Collected data entries -
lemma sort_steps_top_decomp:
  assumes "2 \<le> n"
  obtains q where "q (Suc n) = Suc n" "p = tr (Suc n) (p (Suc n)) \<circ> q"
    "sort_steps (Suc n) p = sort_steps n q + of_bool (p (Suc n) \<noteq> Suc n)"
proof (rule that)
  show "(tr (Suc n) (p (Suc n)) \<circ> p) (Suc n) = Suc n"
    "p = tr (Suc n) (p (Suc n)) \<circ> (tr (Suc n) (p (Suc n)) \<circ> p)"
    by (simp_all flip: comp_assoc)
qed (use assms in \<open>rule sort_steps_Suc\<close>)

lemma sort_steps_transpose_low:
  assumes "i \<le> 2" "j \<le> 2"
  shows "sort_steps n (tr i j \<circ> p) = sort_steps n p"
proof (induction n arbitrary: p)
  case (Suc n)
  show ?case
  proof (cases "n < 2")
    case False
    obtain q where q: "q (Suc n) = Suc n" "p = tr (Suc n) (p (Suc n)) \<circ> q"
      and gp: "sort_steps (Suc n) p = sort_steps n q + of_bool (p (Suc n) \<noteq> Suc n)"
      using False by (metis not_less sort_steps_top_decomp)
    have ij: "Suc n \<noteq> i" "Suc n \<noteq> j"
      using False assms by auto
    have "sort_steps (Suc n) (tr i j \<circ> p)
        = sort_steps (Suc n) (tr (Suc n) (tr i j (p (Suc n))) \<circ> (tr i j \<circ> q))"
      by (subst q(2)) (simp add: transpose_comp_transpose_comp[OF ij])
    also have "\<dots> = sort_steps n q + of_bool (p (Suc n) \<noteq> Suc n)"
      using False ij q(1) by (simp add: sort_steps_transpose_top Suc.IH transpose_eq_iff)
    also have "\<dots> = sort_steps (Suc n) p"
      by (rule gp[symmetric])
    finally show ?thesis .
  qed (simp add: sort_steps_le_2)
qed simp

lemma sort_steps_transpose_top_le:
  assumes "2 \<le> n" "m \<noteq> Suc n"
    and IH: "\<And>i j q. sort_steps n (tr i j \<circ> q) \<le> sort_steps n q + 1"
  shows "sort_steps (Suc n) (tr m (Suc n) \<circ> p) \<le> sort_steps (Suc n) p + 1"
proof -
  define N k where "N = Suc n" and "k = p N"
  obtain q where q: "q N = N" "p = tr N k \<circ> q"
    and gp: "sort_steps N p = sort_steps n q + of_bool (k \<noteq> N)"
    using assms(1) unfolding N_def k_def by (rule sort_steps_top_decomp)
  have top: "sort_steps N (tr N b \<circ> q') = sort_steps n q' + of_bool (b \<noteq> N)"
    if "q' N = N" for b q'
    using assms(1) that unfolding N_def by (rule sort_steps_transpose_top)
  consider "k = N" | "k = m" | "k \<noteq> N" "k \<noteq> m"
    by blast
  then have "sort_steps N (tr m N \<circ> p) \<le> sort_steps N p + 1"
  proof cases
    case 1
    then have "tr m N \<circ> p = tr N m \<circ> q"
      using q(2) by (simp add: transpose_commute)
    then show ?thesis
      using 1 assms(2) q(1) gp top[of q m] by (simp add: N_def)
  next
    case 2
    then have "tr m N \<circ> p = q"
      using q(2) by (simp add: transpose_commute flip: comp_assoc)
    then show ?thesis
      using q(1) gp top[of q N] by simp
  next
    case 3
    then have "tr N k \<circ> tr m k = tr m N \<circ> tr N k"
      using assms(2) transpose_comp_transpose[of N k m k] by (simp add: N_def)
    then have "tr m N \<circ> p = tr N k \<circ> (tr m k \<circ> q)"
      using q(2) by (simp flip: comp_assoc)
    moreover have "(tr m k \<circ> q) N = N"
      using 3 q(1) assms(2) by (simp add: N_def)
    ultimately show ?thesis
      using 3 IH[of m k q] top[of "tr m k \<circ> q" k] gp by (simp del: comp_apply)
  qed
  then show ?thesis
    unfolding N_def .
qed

---

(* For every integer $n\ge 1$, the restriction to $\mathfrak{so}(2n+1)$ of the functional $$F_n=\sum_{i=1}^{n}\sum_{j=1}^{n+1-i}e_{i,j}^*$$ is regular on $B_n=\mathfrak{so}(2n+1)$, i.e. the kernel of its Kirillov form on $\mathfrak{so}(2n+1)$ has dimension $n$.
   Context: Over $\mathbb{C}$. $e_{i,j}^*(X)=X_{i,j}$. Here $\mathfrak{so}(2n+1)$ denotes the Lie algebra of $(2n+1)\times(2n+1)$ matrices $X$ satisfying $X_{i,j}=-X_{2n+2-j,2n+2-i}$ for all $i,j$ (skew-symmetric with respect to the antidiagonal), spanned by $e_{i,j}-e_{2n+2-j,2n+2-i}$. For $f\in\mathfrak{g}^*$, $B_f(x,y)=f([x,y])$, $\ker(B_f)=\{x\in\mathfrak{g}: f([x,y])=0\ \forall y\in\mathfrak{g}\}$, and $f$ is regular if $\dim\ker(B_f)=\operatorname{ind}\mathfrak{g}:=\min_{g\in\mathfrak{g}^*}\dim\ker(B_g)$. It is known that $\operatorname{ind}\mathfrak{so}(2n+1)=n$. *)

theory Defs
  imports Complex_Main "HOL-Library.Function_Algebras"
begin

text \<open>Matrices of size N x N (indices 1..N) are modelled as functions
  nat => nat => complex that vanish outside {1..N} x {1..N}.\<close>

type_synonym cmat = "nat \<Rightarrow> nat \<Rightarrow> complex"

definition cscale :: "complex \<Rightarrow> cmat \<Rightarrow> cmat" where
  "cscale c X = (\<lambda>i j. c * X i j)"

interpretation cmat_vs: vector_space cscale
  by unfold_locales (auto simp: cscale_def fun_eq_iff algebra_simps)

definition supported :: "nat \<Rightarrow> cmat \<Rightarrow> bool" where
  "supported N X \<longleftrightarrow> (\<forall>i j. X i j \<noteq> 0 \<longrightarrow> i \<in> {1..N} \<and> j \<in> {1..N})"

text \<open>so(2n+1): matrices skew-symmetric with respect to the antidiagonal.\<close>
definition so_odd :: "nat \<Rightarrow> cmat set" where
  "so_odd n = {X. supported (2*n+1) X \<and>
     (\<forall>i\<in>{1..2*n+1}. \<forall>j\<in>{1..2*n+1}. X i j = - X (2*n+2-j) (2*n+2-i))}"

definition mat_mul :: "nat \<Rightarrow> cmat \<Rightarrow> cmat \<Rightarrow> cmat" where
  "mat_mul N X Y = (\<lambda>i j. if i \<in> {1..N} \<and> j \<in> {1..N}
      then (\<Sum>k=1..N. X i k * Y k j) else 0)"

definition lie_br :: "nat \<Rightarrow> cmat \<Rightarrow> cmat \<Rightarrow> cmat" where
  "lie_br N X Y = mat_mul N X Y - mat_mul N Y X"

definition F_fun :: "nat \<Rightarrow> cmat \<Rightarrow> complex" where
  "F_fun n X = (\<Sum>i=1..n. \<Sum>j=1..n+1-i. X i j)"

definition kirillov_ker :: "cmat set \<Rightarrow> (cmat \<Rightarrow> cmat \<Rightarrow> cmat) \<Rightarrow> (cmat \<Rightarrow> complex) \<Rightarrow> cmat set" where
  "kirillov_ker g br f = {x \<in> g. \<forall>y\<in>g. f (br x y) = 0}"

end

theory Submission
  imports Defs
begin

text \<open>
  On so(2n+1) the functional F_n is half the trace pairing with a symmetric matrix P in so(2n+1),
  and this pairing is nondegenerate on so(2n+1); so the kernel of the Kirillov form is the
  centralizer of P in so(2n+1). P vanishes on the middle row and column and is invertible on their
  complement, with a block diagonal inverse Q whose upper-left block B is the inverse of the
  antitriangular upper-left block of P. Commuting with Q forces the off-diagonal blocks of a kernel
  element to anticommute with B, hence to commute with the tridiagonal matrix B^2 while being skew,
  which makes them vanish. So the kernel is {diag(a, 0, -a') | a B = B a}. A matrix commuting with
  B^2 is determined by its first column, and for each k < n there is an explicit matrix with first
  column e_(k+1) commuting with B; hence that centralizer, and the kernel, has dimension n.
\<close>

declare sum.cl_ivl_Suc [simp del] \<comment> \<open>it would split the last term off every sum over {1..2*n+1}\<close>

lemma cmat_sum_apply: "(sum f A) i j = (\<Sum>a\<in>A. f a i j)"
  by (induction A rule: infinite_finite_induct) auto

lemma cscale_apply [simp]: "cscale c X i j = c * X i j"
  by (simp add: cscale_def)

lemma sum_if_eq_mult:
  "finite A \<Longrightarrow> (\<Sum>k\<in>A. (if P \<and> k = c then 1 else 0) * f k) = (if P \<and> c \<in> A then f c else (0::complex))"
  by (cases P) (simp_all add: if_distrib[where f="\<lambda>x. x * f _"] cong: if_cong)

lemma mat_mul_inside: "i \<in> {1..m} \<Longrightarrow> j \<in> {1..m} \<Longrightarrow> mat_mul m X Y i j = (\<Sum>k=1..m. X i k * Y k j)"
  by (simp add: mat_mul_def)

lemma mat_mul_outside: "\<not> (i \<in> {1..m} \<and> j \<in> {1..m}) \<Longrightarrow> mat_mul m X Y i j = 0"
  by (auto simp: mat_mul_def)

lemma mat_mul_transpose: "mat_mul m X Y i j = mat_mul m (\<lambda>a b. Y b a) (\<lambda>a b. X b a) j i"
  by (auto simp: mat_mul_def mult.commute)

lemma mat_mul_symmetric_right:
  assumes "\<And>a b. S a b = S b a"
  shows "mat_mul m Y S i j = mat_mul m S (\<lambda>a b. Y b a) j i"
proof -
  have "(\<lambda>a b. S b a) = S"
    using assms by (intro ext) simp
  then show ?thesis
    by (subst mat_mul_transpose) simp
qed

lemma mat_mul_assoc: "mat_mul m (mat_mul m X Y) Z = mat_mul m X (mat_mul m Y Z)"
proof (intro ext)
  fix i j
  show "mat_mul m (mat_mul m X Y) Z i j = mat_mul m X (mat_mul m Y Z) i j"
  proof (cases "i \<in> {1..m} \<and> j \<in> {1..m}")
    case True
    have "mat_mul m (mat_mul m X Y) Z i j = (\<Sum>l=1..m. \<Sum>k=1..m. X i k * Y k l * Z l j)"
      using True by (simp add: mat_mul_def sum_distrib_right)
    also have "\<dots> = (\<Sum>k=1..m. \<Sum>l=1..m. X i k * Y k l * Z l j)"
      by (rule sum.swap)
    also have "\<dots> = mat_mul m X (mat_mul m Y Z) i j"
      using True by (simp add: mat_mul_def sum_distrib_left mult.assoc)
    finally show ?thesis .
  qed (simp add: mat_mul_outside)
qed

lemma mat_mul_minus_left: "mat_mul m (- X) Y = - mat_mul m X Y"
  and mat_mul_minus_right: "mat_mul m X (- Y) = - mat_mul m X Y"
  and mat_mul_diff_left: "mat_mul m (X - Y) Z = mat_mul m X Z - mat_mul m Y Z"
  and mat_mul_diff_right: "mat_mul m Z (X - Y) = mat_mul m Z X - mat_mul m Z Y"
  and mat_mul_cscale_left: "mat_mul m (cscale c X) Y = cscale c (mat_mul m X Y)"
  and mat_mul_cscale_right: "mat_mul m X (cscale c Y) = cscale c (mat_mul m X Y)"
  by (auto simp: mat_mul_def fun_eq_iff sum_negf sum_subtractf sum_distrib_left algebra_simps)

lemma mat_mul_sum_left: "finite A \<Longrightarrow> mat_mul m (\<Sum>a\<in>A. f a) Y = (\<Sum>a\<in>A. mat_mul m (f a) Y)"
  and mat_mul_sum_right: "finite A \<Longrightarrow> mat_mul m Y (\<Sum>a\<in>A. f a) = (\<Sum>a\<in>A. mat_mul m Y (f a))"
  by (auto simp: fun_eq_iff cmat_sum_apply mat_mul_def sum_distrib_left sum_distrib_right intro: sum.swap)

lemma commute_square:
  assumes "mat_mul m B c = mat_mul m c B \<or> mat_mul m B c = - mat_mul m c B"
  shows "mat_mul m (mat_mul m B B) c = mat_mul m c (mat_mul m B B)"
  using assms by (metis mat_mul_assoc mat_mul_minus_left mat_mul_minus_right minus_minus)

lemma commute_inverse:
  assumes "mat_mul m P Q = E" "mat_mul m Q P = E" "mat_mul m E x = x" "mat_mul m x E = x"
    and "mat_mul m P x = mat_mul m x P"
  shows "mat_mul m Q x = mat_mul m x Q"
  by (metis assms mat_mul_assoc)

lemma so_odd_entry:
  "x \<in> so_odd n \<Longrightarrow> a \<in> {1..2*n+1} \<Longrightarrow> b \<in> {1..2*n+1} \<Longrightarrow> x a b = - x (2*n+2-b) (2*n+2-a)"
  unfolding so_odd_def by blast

Assignment -
Print again the lines of the entries above that fall between the line holding "(\<Sum>k=1..m. \<Sum>l=1..m. X" and the line holding "Y) = - mat_mul", inclusive, exactly as they stand.

Task result -
    also have "\<dots> = (\<Sum>k=1..m. \<Sum>l=1..m. X i k * Y k l * Z l j)"
      by (rule sum.swap)
    also have "\<dots> = mat_mul m X (mat_mul m Y Z) i j"
      using True by (simp add: mat_mul_def sum_distrib_left mult.assoc)
    finally show ?thesis .
  qed (simp add: mat_mul_outside)
qed

lemma mat_mul_minus_left: "mat_mul m (- X) Y = - mat_mul m X Y"
  and mat_mul_minus_right: "mat_mul m X (- Y) = - mat_mul m X Y"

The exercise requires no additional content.